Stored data
text \<open>The second differences of \<open>\<psi>\<close> along the lattice \<open>a\<nat>\<close> are the
  moments \<open>\<integral> t\<^sup>n d\<mu>\<close> of the finite measure \<open>\<mu> = \<sigma>\<^sup>2 a\<^sup>2 \<delta>\<^sub>1 + \<Phi>\<^sub>* ((1 - exp (-a h))\<^sup>2 m(dh))\<close>
  on \<open>[0,1]\<close>, where \<open>\<Phi> h = exp (-a h)\<close>. By the Weierstrass approximation theorem these
  moments determine \<open>\<integral> f d\<mu>\<close> for every continuous \<open>f\<close> on \<open>[0,1]\<close>. For \<open>z > 0\<close> there is such
  an \<open>f = f\<^sub>z\<close> with \<open>\<psi> z = \<integral> f\<^sub>z d\<mu> + c z\<close>, where the constant \<open>c\<close> depends on the triplet only;
  comparing at \<open>z = a\<close> identifies \<open>c\<close>, and hence \<open>\<psi>\<close> is determined by its values on \<open>a\<nat>\<close>.\<close>

lemma levy_measure_pos_measurable:
  assumes "levy_measure_pos m" "f \<in> borel_measurable borel"
  shows "f \<in> borel_measurable m"
proof -
  have same: "borel_measurable m = borel_measurable (borel :: real measure)"
    using assms(1) unfolding levy_measure_pos_def by (intro measurable_cong_sets) auto
  from assms(2) show ?thesis unfolding same .
qed

lemma levy_measure_pos_AE_pos:
  assumes "levy_measure_pos m"
  shows "AE h in m. 0 < h"
proof -
  have "{..0::real} \<in> null_sets m"
    using assms unfolding levy_measure_pos_def by (intro null_setsI) auto
  then show ?thesis by (rule AE_I') auto
qed

lemma levy_measure_pos_integrable:
  assumes "levy_measure_pos m" "f \<in> borel_measurable borel"
    and "\<And>h. 0 < h \<Longrightarrow> \<bar>f h\<bar> \<le> C * min (h\<^sup>2) 1"
  shows "integrable m f"
proof (rule Bochner_Integration.integrable_bound)
  show "integrable m (\<lambda>h. C * min (h\<^sup>2) 1)"
    using assms(1) unfolding levy_measure_pos_def by auto
  show "f \<in> borel_measurable m" using assms(1,2) by (rule levy_measure_pos_measurable)
  show "AE h in m. norm (f h) \<le> norm (C * min (h\<^sup>2) 1)"
    using levy_measure_pos_AE_pos[OF assms(1)] by eventually_elim (use assms(3) in force)
qed

lemma exp_neg_le_quadratic:
  fixes x :: real
  assumes "0 \<le> x"
  shows "exp (- x) \<le> 1 - x + x\<^sup>2 / 2"
proof -
  define q where "q = 1 - x + x\<^sup>2 / 2"
  have q_nonneg: "0 \<le> q"
    using zero_le_power2[of "x - 1"] unfolding q_def by (simp add: power2_eq_square algebra_simps)
  have "q * (1 + x + x\<^sup>2 / 2) = 1 + x ^ 4 / 4"
    unfolding q_def by (simp add: algebra_simps power2_eq_square power4_eq_xxxx)
  then have "1 \<le> q * (1 + x + x\<^sup>2 / 2)" by simp
  also have "\<dots> \<le> q * exp x"
    using exp_lower_Taylor_quadratic[OF assms] q_nonneg by (rule mult_left_mono)
  finally show ?thesis by (simp add: q_def exp_minus field_simps)
qed

lemma min_square_one_eq_square: "0 \<le> h \<Longrightarrow> h \<le> 1 \<Longrightarrow> min (h\<^sup>2) 1 = (h::real)\<^sup>2"
  by (simp add: power_le_one)

lemma min_square_one_eq_one: "1 < h \<Longrightarrow> min (h\<^sup>2) 1 = (1::real)"
  using one_le_power[of h 2] by simp

definition lk_integrand :: "real \<Rightarrow> real \<Rightarrow> real" where
  "lk_integrand z h = exp (- z * h) + z * h * indicator {0<..1} h - 1"

definition truncation_defect :: "real \<Rightarrow> real" where
  "truncation_defect h = h * indicator {0<..1} h - (1 - exp (- h))"

lemma lk_exponent_altdef:
  "lk_exponent \<gamma> \<sigma> m z = - \<gamma> * z + \<sigma>\<^sup>2 / 2 * z\<^sup>2 + (\<integral>h. lk_integrand z h \<partial>m)"
  unfolding lk_exponent_def lk_integrand_def by simp

lemma lk_exponent_at_zero: "lk_exponent \<gamma> \<sigma> m 0 = 0"
  unfolding lk_exponent_altdef lk_integrand_def by simp

lemma lk_integrand_bound:
  assumes "0 \<le> z" "0 < h"
  shows "\<bar>lk_integrand z h\<bar> \<le> max (z\<^sup>2 / 2) 1 * min (h\<^sup>2) 1"
proof (cases "h \<le> 1")
  case True
  have "\<bar>lk_integrand z h\<bar> = exp (- z * h) - 1 + z * h"
    using True assms exp_ge_add_one_self[of "- z * h"] by (simp add: lk_integrand_def)
  also have "\<dots> \<le> z\<^sup>2 / 2 * h\<^sup>2"
    using exp_neg_le_quadratic[of "z * h"] assms by (simp add: power_mult_distrib)
  also have "\<dots> \<le> max (z\<^sup>2 / 2) 1 * min (h\<^sup>2) 1"
    using True assms by (simp add: min_square_one_eq_square mult_right_mono)
  finally show ?thesis .
next
  case False
  have "exp (- z * h) \<le> 1" using assms by simp
  then have "\<bar>lk_integrand z h\<bar> \<le> 1"
    using False by (simp add: lk_integrand_def)
  also have "\<dots> \<le> max (z\<^sup>2 / 2) 1 * min (h\<^sup>2) 1"
    using False by (simp add: min_square_one_eq_one)
  finally show ?thesis .
qed

lemma truncation_defect_bound:
  assumes "0 < h"
  shows "\<bar>truncation_defect h\<bar> \<le> min (h\<^sup>2) 1"
proof (cases "h \<le> 1")
  case True
  have "\<bar>truncation_defect h\<bar> = exp (- h) - 1 + h"
    using True assms exp_ge_add_one_self[of "- h"] by (simp add: truncation_defect_def)
  also have "\<dots> \<le> h\<^sup>2"
    using exp_neg_le_quadratic[of h] assms zero_le_power2[of h] by linarith
  finally show ?thesis using True assms by (simp add: min_square_one_eq_square)
next
  case False
  have "exp (- h) \<le> 1" using assms by simp
  then show ?thesis using False by (simp add: truncation_defect_def min_square_one_eq_one)
qed

lemma integrable_lk_integrand:
  assumes "levy_measure_pos m" "0 \<le> z"
  shows "integrable m (lk_integrand z)"
  by (rule levy_measure_pos_integrable[OF assms(1) _ lk_integrand_bound[OF assms(2)]])
    (simp add: lk_integrand_def)

lemma integrable_truncation_defect:
  assumes "levy_measure_pos m"
  shows "integrable m truncation_defect"
proof (rule levy_measure_pos_integrable[OF assms, of _ 1])
  show "truncation_defect \<in> borel_measurable borel" unfolding truncation_defect_def by simp
qed (use truncation_defect_bound in simp)

text \<open>\<open>levy_functional a \<sigma> m f\<close> is \<open>\<integral> f d\<mu>\<close> for the measure \<open>\<mu>\<close> of the header; \<open>levy_point\<close>
  is \<open>\<Phi>\<close>, clamped so that it maps all of \<open>\<real>\<close> into \<open>[0,1]\<close>.\<close>

definition levy_point :: "real \<Rightarrow> real \<Rightarrow> real" where
  "levy_point a h = exp (- a * max h 0)"

definition levy_weight :: "real \<Rightarrow> real \<Rightarrow> real" where
  "levy_weight a h = (1 - exp (- a * h))\<^sup>2"

definition levy_functional :: "real \<Rightarrow> real \<Rightarrow> real measure \<Rightarrow> (real \<Rightarrow> real) \<Rightarrow> real" where
  "levy_functional a \<sigma> m f = \<sigma>\<^sup>2 * a\<^sup>2 * f 1 + (\<integral>h. f (levy_point a h) * levy_weight a h \<partial>m)"

lemma levy_point_in_unit_interval: "0 \<le> a \<Longrightarrow> levy_point a h \<in> {0..1}"
  unfolding levy_point_def by auto

lemma levy_weight_nonneg: "0 \<le> levy_weight a h"
  unfolding levy_weight_def by simp

lemma levy_weight_bound:
  assumes "0 < a" "0 < h"
  shows "levy_weight a h \<le> max (a\<^sup>2) 1 * min (h\<^sup>2) 1"
proof -
  have base: "0 \<le> 1 - exp (- (a * h))" "1 - exp (- (a * h)) \<le> a * h" "1 - exp (- (a * h)) \<le> 1"
    using assms exp_ge_add_one_self[of "- (a * h)"] by auto
  show ?thesis
  proof (cases "h \<le> 1")
    case True
    have "levy_weight a h \<le> (a * h)\<^sup>2" unfolding levy_weight_def using base by (simp add: power_mono)
    also have "\<dots> \<le> max (a\<^sup>2) 1 * min (h\<^sup>2) 1"
      using True assms by (simp add: min_square_one_eq_square power_mult_distrib mult_right_mono)
    finally show ?thesis .
  next
    case False
    have "levy_weight a h \<le> 1\<^sup>2" unfolding levy_weight_def using base by (intro power_mono) auto
    also have "\<dots> \<le> max (a\<^sup>2) 1 * min (h\<^sup>2) 1" using False by (simp add: min_square_one_eq_one)
    finally show ?thesis .
  qed
qed

lemma integrable_levy_functional:
  assumes "levy_measure_pos m" "0 < a" "continuous_on {0..1} f"
  shows "integrable m (\<lambda>h. f (levy_point a h) * levy_weight a h)"
proof -
  obtain B where B: "\<forall>t\<in>{0..1}. \<bar>f t\<bar> \<le> B"
    using compact_imp_bounded[OF compact_continuous_image[OF assms(3) compact_Icc]]
    unfolding bounded_iff by auto
  have "continuous_on UNIV (\<lambda>h. f (levy_point a h))"
    unfolding levy_point_def
    by (rule continuous_on_compose2[OF assms(3)], intro continuous_intros)
      (use levy_point_in_unit_interval[of a] assms(2) in \<open>auto simp: levy_point_def\<close>)
  then have "continuous_on UNIV (\<lambda>h. f (levy_point a h) * levy_weight a h)"
    unfolding levy_weight_def by (intro continuous_intros)
  then show ?thesis
  proof (rule levy_measure_pos_integrable[OF assms(1) borel_measurable_continuous_onI])
    fix h :: real assume "0 < h"
    have "\<bar>f (levy_point a h) * levy_weight a h\<bar> \<le> B * (max (a\<^sup>2) 1 * min (h\<^sup>2) 1)"
      using B levy_point_in_unit_interval[of a h] assms(2) levy_weight_bound[OF assms(2) \<open>0 < h\<close>]
        levy_weight_nonneg[of a h]
      by (simp add: abs_mult mult_mono')
    then show "\<bar>f (levy_point a h) * levy_weight a h\<bar> \<le> B * max (a\<^sup>2) 1 * min (h\<^sup>2) 1"
      by (simp add: mult.assoc)
  qed
qed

EXERCISE DETAILS =
Reproduce exactly, please, only the lines from the start of the data above to the line that contains "h \<Longrightarrow> \<bar>f", with both ends kept.

ANSWER SECTION =
text \<open>The second differences of \<open>\<psi>\<close> along the lattice \<open>a\<nat>\<close> are the
  moments \<open>\<integral> t\<^sup>n d\<mu>\<close> of the finite measure \<open>\<mu> = \<sigma>\<^sup>2 a\<^sup>2 \<delta>\<^sub>1 + \<Phi>\<^sub>* ((1 - exp (-a h))\<^sup>2 m(dh))\<close>
  on \<open>[0,1]\<close>, where \<open>\<Phi> h = exp (-a h)\<close>. By the Weierstrass approximation theorem these
  moments determine \<open>\<integral> f d\<mu>\<close> for every continuous \<open>f\<close> on \<open>[0,1]\<close>. For \<open>z > 0\<close> there is such
  an \<open>f = f\<^sub>z\<close> with \<open>\<psi> z = \<integral> f\<^sub>z d\<mu> + c z\<close>, where the constant \<open>c\<close> depends on the triplet only;
  comparing at \<open>z = a\<close> identifies \<open>c\<close>, and hence \<open>\<psi>\<close> is determined by its values on \<open>a\<nat>\<close>.\<close>

lemma levy_measure_pos_measurable:
  assumes "levy_measure_pos m" "f \<in> borel_measurable borel"
  shows "f \<in> borel_measurable m"
proof -
  have same: "borel_measurable m = borel_measurable (borel :: real measure)"
    using assms(1) unfolding levy_measure_pos_def by (intro measurable_cong_sets) auto
  from assms(2) show ?thesis unfolding same .
qed

lemma levy_measure_pos_AE_pos:
  assumes "levy_measure_pos m"
  shows "AE h in m. 0 < h"
proof -
  have "{..0::real} \<in> null_sets m"
    using assms unfolding levy_measure_pos_def by (intro null_setsI) auto
  then show ?thesis by (rule AE_I') auto
qed

lemma levy_measure_pos_integrable:
  assumes "levy_measure_pos m" "f \<in> borel_measurable borel"
    and "\<And>h. 0 < h \<Longrightarrow> \<bar>f h\<bar> \<le> C * min (h\<^sup>2) 1"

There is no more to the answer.